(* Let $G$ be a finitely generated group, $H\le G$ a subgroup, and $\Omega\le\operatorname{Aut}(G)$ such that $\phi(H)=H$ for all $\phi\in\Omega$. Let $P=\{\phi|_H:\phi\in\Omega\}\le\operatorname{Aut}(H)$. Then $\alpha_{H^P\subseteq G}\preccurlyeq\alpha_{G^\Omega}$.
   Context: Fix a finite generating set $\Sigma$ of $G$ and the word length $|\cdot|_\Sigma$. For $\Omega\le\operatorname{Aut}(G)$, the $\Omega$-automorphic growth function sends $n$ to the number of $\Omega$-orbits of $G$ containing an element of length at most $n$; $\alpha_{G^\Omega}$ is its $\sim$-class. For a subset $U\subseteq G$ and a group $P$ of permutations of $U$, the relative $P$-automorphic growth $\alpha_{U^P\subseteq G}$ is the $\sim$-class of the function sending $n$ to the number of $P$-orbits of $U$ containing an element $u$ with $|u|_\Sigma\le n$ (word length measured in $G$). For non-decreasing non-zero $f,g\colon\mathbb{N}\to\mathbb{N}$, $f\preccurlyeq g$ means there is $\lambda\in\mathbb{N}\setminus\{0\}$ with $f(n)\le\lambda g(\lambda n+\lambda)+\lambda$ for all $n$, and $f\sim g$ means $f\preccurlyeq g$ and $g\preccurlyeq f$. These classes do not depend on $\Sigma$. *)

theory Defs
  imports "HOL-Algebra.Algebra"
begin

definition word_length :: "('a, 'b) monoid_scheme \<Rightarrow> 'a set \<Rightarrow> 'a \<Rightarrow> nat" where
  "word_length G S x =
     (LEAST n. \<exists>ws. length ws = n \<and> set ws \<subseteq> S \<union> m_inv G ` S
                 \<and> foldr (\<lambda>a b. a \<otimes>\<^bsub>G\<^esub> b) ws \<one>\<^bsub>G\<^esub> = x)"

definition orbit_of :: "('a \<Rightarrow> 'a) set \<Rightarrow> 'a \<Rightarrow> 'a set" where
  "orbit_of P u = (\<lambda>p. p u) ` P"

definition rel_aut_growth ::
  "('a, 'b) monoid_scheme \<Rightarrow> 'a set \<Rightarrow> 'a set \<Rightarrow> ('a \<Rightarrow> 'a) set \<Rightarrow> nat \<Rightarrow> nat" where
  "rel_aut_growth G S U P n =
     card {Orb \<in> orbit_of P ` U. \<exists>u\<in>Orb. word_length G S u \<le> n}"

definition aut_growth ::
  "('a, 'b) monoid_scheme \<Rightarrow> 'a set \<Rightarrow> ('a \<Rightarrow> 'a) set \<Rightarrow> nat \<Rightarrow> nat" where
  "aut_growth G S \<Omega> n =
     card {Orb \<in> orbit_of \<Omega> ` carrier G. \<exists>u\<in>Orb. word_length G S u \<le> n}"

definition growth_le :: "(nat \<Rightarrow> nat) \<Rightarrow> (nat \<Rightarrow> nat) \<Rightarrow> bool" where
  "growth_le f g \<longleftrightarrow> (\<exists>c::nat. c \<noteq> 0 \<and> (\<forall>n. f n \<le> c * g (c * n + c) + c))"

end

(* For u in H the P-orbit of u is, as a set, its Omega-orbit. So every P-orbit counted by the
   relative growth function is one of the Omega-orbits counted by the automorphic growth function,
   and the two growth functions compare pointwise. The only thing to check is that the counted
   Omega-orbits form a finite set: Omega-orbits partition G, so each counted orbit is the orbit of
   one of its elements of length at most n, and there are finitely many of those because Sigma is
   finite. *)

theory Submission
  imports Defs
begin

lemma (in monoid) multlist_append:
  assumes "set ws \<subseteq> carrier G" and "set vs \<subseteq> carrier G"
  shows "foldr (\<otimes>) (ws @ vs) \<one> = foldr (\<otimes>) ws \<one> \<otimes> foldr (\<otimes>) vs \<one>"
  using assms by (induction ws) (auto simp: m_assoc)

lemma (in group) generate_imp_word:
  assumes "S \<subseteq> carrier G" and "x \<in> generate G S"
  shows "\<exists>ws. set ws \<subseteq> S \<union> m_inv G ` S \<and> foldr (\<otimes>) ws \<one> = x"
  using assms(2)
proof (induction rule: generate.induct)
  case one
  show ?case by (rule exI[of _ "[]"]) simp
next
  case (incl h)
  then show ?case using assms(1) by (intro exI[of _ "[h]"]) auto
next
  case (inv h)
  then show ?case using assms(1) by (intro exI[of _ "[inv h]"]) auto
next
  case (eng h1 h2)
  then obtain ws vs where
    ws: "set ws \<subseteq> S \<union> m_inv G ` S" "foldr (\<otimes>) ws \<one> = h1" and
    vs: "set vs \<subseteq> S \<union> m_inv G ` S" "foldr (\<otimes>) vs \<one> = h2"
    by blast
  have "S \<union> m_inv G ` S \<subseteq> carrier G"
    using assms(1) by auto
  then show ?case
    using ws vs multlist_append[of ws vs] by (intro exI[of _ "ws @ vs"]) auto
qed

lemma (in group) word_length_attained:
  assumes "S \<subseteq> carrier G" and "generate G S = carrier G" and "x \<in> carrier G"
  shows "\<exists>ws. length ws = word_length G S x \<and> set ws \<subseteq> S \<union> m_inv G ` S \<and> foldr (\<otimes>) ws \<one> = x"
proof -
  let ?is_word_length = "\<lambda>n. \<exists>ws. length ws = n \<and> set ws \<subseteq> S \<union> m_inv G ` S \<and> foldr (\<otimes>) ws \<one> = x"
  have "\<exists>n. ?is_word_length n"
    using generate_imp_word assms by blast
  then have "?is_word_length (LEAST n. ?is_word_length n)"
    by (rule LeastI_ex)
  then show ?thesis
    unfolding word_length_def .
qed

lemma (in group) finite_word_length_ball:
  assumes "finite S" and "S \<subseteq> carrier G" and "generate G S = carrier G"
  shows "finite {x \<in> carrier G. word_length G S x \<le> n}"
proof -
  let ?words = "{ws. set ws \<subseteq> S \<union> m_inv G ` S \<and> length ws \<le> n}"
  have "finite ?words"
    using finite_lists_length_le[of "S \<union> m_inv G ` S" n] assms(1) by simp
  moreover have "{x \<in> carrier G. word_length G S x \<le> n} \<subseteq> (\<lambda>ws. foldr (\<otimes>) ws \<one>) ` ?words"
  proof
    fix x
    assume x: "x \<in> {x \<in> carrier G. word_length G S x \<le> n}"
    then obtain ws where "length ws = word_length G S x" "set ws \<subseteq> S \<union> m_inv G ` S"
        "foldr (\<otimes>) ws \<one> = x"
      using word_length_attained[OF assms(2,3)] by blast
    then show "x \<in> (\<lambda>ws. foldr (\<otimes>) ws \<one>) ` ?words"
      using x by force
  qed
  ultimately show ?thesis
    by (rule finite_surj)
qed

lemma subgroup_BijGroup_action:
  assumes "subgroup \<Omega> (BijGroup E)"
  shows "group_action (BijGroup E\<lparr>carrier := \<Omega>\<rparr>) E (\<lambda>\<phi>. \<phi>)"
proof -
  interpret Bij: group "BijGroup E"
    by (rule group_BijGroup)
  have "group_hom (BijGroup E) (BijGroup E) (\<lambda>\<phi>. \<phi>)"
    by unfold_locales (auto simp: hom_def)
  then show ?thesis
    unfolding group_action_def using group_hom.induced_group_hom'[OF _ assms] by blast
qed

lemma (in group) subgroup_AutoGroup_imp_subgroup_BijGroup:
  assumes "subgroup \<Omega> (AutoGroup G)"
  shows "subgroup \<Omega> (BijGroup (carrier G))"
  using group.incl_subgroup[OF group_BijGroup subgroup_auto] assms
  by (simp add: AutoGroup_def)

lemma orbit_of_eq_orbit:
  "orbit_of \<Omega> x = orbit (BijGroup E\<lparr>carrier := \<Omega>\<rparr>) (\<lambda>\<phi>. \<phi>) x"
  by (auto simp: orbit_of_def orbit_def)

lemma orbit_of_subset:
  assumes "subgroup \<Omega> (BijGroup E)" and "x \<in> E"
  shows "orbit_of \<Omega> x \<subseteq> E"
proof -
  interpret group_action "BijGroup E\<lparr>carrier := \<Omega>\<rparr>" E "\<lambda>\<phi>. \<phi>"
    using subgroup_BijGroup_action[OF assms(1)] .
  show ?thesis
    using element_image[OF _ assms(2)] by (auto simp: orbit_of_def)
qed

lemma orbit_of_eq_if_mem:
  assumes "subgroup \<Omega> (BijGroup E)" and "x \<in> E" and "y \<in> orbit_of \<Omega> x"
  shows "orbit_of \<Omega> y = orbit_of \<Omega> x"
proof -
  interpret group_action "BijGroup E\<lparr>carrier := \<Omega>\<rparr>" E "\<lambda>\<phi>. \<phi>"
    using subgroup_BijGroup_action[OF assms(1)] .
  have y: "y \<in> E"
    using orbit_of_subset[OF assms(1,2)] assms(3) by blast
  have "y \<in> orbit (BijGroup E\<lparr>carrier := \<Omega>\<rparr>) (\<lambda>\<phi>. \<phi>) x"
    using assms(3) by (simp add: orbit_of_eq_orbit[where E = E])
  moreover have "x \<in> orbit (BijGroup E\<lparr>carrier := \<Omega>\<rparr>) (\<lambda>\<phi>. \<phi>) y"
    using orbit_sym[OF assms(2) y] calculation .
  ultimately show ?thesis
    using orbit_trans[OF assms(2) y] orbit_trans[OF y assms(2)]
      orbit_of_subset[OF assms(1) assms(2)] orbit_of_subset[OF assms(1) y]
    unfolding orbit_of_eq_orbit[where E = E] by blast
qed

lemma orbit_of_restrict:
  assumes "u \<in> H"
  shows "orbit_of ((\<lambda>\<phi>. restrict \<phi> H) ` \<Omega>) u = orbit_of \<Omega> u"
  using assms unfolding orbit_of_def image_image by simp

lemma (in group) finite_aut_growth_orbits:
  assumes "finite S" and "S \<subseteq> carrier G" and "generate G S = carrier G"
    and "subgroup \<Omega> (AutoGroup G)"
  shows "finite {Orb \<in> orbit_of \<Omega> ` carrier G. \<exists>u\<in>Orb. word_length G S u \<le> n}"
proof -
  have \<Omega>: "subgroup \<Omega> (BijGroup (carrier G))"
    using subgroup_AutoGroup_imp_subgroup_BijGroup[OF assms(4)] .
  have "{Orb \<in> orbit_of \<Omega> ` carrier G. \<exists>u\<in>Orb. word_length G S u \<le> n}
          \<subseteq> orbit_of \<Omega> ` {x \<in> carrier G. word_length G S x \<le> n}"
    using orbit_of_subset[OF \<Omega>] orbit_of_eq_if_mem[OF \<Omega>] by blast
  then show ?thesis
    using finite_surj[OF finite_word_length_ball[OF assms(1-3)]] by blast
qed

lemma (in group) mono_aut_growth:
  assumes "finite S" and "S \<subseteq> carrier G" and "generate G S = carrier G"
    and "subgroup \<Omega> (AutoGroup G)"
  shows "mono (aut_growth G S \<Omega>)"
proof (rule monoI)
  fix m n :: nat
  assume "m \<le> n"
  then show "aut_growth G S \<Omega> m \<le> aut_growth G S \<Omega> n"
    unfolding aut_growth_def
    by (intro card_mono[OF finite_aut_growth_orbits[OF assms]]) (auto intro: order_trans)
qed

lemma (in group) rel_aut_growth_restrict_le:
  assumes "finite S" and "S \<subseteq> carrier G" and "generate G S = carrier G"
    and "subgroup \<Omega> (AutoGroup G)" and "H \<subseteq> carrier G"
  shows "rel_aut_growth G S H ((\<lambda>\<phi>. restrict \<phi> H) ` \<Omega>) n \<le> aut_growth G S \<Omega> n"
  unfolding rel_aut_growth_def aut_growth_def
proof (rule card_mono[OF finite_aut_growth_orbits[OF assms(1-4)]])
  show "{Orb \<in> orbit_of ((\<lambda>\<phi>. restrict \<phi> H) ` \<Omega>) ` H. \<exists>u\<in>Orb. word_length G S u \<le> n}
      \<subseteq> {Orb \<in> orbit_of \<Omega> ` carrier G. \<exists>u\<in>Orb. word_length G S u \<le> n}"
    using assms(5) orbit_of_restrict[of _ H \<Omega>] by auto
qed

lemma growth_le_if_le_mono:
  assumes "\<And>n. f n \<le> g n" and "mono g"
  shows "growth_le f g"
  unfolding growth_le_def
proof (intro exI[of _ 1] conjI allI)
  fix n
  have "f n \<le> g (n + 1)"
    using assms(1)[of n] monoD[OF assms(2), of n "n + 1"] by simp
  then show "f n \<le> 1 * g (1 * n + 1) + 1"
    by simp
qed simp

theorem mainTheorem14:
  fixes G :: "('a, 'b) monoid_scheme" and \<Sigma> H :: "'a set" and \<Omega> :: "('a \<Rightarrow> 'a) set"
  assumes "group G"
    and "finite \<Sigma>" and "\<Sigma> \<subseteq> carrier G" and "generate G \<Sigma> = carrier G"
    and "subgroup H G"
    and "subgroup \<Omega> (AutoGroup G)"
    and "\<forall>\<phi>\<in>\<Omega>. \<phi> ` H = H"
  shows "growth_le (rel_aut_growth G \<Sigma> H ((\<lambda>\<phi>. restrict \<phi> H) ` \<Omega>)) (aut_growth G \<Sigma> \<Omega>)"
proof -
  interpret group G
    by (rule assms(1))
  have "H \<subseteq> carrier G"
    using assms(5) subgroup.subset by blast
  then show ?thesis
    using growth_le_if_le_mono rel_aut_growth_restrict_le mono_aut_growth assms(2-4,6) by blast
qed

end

################

◆ **Required work**
State how many lines of the material contain the string "counted", with no other words.

◆ **Worked solution**
4